Are Bigger Reinforcers Better?
When it comes to reinforcement, it is difficult to say. We can measure how “good” a reinforcer is in different ways. One measure is preference, but there may be many reasons why I prefer something that do not necessarily translate directly into how well it will maintain my behavior. The example of this for me is my preference for Brussels sprouts over a Japanese fermented soybean dish call nattō (the only Japanese dish I don’t like, in fact). I hate Brussels sprouts, too. No matter how many you tried to give me for engaging in some behavior, I would not do so. Thus, even though under some circumstances I do prefer those awful little cabbage-like things, a reinforcer for me they are not.
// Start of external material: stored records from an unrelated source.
(* Let $B=\bigoplus_{i\in\mathbb{Z}}B_i$ be a $\mathbb{Z}$-graded noetherian integral domain with $e(B)=1$, and suppose $B=B_0[x_1,\dots,x_n]$ with $n\ge2$, where each $x_i\neq0$ is homogeneous of degree $d_i\in\mathbb{Z}\setminus\{0\}$. Let $e_i=\gcd(d_1,\dots,\widehat{d_i},\dots,d_n)$ for $1\le i\le n$; let $U=\{i: 1\le i\le n,\ x_i \text{ is a unit of } B\}$ and $U^c=\{1,\dots,n\}\setminus U$; let $E$ be the set of prime factors of $\prod_{i\in U^c}e_i$ ($E=\emptyset$ if $U^c=\emptyset$). Then: (a) $E\subseteq\Pi(B)$; (b) if $U\neq\emptyset$, then every element of $\Pi(B)$ is a prime factor of $\gcd\{d_i: i\in U\}$; (c) if no height-$1$ prime ideal of $B$ contains $\bigcup_{i\in\mathbb{Z}\setminus\{0\}}B_i$, then every element of $\Pi(B)$ is a prime factor of $d_1\cdots d_n$; (d) if for every pair of distinct $i,j\in\{1,\dots,n\}$ no height-$1$ prime ideal of $B$ contains $\{x_i,x_j\}$, then $\Pi(B)=E$.
   Context: For a $\mathbb{Z}$-graded domain $C$, $e(C)=\gcd\{i\in\mathbb{Z}:C_i\neq0\}$. $\Pi(B)$ is the set of primes $p$ with $p\mid e(B/\mathfrak{p})$ for some homogeneous height-$1$ prime ideal $\mathfrak{p}$ of $B$. *)

theory Defs
  imports Main "HOL-Computational_Algebra.Primes"
begin

definition is_ideal :: "'a::comm_ring_1 set \<Rightarrow> bool" where
  "is_ideal I \<longleftrightarrow> 0 \<in> I \<and> (\<forall>a\<in>I. \<forall>b\<in>I. a + b \<in> I) \<and> (\<forall>r. \<forall>a\<in>I. r * a \<in> I)"

definition is_prime_ideal :: "'a::comm_ring_1 set \<Rightarrow> bool" where
  "is_prime_ideal P \<longleftrightarrow> is_ideal P \<and> P \<noteq> UNIV \<and> (\<forall>a b. a * b \<in> P \<longrightarrow> a \<in> P \<or> b \<in> P)"

definition noetherian_ring :: "'a::comm_ring_1 itself \<Rightarrow> bool" where
  "noetherian_ring _ \<longleftrightarrow>
     (\<forall>I :: nat \<Rightarrow> 'a set. (\<forall>k. is_ideal (I k)) \<and> (\<forall>k. I k \<subseteq> I (Suc k))
        \<longrightarrow> (\<exists>N. \<forall>k\<ge>N. I k = I N))"

definition height_ge :: "'a::comm_ring_1 set \<Rightarrow> nat \<Rightarrow> bool" where
  "height_ge P k \<longleftrightarrow> (\<exists>Q :: nat \<Rightarrow> 'a set. Q k = P \<and> (\<forall>i\<le>k. is_prime_ideal (Q i))
                                   \<and> (\<forall>i<k. Q i \<subset> Q (Suc i)))"

definition height_one_prime :: "'a::comm_ring_1 set \<Rightarrow> bool" where
  "height_one_prime P \<longleftrightarrow> is_prime_ideal P \<and> height_ge P 1 \<and> \<not> height_ge P 2"

inductive_set subring_gen :: "'a::comm_ring_1 set \<Rightarrow> 'a set" for S where
  gen: "a \<in> S \<Longrightarrow> a \<in> subring_gen S"
| zero: "0 \<in> subring_gen S"
| one: "1 \<in> subring_gen S"
| add: "a \<in> subring_gen S \<Longrightarrow> b \<in> subring_gen S \<Longrightarrow> a + b \<in> subring_gen S"
| neg: "a \<in> subring_gen S \<Longrightarrow> - a \<in> subring_gen S"
| mult: "a \<in> subring_gen S \<Longrightarrow> b \<in> subring_gen S \<Longrightarrow> a * b \<in> subring_gen S"

definition graded_decomp :: "(int \<Rightarrow> 'a::comm_ring_1 set) \<Rightarrow> 'a \<Rightarrow> (int \<Rightarrow> 'a) \<Rightarrow> bool" where
  "graded_decomp G b f \<longleftrightarrow> (\<forall>i. f i \<in> G i) \<and> finite {i. f i \<noteq> 0} \<and> b = sum f {i. f i \<noteq> 0}"

text \<open>\<open>B = \<Oplus>_{i\<in>\<int>} G i\<close> as a graded ring (the whole type is the ring B).\<close>
definition graded_ring :: "(int \<Rightarrow> 'a::comm_ring_1 set) \<Rightarrow> bool" where
  "graded_ring G \<longleftrightarrow>
     (\<forall>i. 0 \<in> G i \<and> (\<forall>a\<in>G i. \<forall>b\<in>G i. a + b \<in> G i) \<and> (\<forall>a\<in>G i. - a \<in> G i))
   \<and> (\<forall>i j. \<forall>a\<in>G i. \<forall>b\<in>G j. a * b \<in> G (i + j))
   \<and> (\<forall>b. \<exists>!f. graded_decomp G b f)"

definition homogeneous_ideal :: "(int \<Rightarrow> 'a::comm_ring_1 set) \<Rightarrow> 'a set \<Rightarrow> bool" where
  "homogeneous_ideal G P \<longleftrightarrow> is_ideal P \<and>
     (\<forall>b\<in>P. \<forall>f. graded_decomp G b f \<longrightarrow> (\<forall>i. f i \<in> P))"

definition e_deg :: "(int \<Rightarrow> 'a::comm_ring_1 set) \<Rightarrow> int" where
  "e_deg G = Gcd {i. G i \<noteq> {0}}"

text \<open>For the quotient \<open>B/P\<close> of a homogeneous ideal, with induced grading
  \<open>(B/P)_i = (G i + P)/P\<close>, which is nonzero iff \<open>G i \<not>\<subseteq> P\<close>.\<close>
definition e_quot :: "(int \<Rightarrow> 'a::comm_ring_1 set) \<Rightarrow> 'a set \<Rightarrow> int" where
  "e_quot G P = Gcd {i. \<not> G i \<subseteq> P}"

definition Pi_set :: "(int \<Rightarrow> 'a::comm_ring_1 set) \<Rightarrow> nat set" where
  "Pi_set G = {p. prime p \<and> (\<exists>P. homogeneous_ideal G P \<and> height_one_prime P
                                  \<and> int p dvd e_quot G P)}"

definition prime_factors_int :: "int \<Rightarrow> nat set" where
  "prime_factors_int m = {p. prime p \<and> int p dvd m}"

end

(*
  Let P be a prime of B and g = gcd {d_i : x_i not in P}.  Since B is generated over B_0 by
  the homogeneous x_i, every component of an element of B in a degree not divisible by g lies
  in P, while each d_i with x_i not in P is a degree in which B/P is nonzero; hence
  e(B/P) = g.  The assertions (b)-(d) follow by looking at which x_i a height one prime P can
  contain: never a unit; not all of them unless P contains every element of nonzero degree;
  under the hypothesis of (d) at most one, so that e(B/P) is e(B) = 1 or some e_i.
  For (a), a non-unit x_i lies in a minimal prime P over x_i.  This P is homogeneous, because
  its homogeneous core is again a prime containing x_i, and it has height one by Krull's
  principal ideal theorem; as x_i is in P, e_i divides e(B/P).

  Krull's theorem is proved without constructing localizations: ideals saturated with respect
  to P stand in for ideals of B_P.  Noetherian induction shows that saturated ideals containing
  x satisfy the descending chain condition (B_P/xB_P is artinian), so the symbolic powers of a
  prime Q strictly inside P stabilize modulo x, and Nakayama's lemma forces Q = 0.
*)
theory Submission
  imports Defs "HOL-Library.Set_Algebras"
begin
The most conventional way of measuring the goodness of a reinforcer is by how well it maintains behavior. With certain qualifications that are way beyond the scope of this brief commentary, a reinforcer that maintains more behavior, other things being equal, is conventionally said to be a better, or at least a more potent, reinforcer than the one that maintains less behavior. Reinforcers can differ in quality—the difference between a teddy bear and a Miss Kitty doll, for example—and quantity or amount, or quantitatively. In the quantitative case, we can compare the effects on response rate of one food pellet delivered when a rat meets a schedule requirement versus when it earns a cache of ten pellets for the same response. Or we can compare 2-s of access to mixed grain versus 10-s of access to mixed grain as reinforcers for a pigeon’s key peck response.
Unlike the orderly effects of rate of reinforcement (more reinforcers, higher response rates) and delay of reinforcement (no delay, high response rates; longer delays, lower response rates), the relation between reinforcer magnitude and response rate is less clear. Many basic experiments report orderly changes in response rate as a function of reinforcement magnitude (bigger reinforcers, higher response rates), but many others do not. In the case of pigeons’ access to food, this latter effect might be because, even though the access to food is shorter or longer, the actual amount of food eaten is about the same for the two durations. Whatever the reason, our current understanding is such that we cannot unequivocally conclude bigger is necessarily better.
Ahh, you say, but surely experiments in applied settings must show orderly relations between behavior and amount of reinforcement. Umm, this is not unequivocally so. As with the animal experiments, the results are more or less a mixed bag. Of course, the applied studies use a lot more variation in the types of reinforcers in different experiments, making the comparisons perhaps even a little more tenuous than those in basic experiments. Bottom line: be somewhat cautious when suggesting that bigger reinforcers are better. The evidence doesn’t unequivocally support this conclusion.